Exercise material:
━━━━━━━━━━━━━━━━━━━━━━━━━━━━━━
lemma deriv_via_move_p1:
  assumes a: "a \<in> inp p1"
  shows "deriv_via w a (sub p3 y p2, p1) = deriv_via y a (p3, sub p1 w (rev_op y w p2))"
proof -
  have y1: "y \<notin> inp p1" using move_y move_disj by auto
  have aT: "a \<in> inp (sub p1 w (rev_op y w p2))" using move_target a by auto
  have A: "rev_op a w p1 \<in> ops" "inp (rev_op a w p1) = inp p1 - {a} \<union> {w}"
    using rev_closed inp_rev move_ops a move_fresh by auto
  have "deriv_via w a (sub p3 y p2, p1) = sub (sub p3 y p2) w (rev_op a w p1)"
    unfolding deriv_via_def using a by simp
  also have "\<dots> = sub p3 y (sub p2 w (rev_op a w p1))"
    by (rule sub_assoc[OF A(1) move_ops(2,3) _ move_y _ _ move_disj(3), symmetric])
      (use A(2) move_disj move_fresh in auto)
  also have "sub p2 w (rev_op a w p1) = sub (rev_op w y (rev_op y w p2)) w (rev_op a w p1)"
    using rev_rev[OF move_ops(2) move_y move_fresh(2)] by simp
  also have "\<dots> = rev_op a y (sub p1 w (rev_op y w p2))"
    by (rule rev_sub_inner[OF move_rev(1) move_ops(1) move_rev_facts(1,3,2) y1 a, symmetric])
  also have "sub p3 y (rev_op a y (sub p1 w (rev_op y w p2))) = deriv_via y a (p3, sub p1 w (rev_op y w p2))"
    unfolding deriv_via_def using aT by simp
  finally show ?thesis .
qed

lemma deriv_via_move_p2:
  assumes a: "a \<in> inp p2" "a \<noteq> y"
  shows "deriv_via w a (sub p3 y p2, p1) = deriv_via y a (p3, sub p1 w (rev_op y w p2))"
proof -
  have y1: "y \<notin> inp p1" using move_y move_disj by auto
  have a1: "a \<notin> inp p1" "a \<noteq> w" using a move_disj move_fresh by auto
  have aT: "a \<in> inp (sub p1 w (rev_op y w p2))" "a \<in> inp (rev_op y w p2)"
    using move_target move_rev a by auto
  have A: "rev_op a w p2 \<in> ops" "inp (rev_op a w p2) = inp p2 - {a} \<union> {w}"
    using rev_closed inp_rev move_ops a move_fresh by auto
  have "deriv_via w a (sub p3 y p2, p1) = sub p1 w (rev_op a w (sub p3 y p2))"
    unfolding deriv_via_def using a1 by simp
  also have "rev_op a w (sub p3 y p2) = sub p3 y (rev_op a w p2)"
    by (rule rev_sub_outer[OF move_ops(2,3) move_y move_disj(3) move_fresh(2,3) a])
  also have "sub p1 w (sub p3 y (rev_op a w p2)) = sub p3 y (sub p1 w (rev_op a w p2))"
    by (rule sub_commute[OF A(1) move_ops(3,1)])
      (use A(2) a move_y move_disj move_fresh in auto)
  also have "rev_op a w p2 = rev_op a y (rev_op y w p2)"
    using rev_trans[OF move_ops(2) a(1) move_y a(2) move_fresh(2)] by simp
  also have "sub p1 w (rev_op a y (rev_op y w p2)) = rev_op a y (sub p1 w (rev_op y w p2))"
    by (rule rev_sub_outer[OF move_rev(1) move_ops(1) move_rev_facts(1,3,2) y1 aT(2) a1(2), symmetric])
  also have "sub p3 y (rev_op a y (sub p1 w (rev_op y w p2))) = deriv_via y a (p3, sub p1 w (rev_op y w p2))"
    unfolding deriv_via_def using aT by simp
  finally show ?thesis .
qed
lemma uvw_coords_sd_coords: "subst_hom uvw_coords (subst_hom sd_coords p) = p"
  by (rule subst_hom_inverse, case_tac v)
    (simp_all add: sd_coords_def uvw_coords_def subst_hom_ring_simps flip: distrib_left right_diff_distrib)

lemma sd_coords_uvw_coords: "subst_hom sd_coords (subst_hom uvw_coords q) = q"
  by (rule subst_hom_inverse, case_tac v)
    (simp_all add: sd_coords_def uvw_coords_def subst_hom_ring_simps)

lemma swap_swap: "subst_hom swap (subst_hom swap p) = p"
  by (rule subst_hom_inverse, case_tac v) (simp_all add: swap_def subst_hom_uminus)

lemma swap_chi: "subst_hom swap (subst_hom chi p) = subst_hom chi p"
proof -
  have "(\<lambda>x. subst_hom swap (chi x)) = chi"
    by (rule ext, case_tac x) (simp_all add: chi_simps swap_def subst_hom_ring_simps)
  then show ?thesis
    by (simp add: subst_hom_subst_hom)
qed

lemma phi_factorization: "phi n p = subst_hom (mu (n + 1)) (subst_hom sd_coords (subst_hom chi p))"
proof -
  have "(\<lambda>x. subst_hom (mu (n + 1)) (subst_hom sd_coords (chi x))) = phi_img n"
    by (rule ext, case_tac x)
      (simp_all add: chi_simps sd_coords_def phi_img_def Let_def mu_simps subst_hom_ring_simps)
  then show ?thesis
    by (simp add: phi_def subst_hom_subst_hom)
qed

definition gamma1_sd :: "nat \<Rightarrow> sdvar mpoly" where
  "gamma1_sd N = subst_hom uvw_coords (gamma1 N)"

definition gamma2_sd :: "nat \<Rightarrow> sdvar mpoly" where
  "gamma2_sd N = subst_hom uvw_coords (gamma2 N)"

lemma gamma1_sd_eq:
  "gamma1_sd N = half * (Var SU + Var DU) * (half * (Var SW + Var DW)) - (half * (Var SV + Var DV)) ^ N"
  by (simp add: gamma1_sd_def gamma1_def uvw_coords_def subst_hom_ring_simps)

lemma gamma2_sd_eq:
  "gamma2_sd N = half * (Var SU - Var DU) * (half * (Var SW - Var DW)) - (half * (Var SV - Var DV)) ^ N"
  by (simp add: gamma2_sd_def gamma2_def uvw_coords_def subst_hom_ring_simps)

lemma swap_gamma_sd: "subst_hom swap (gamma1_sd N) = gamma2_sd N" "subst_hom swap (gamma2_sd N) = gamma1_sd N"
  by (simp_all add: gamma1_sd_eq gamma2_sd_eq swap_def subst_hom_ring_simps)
━━━━━━━━━━━━━━━━━━━━━━━━━━━━━━
Please copy, exactly and with nothing else, the lines above beginning at the line that has "using rev_trans[OF move_ops(2)" and ending with the line that has "uvw_coords (subst_hom sd_coords".

    using rev_trans[OF move_ops(2) a(1) move_y a(2) move_fresh(2)] by simp
  also have "sub p1 w (rev_op a y (rev_op y w p2)) = rev_op a y (sub p1 w (rev_op y w p2))"
    by (rule rev_sub_outer[OF move_rev(1) move_ops(1) move_rev_facts(1,3,2) y1 aT(2) a1(2), symmetric])
  also have "sub p3 y (rev_op a y (sub p1 w (rev_op y w p2))) = deriv_via y a (p3, sub p1 w (rev_op y w p2))"
    unfolding deriv_via_def using aT by simp
  finally show ?thesis .
qed
lemma uvw_coords_sd_coords: "subst_hom uvw_coords (subst_hom sd_coords p) = p"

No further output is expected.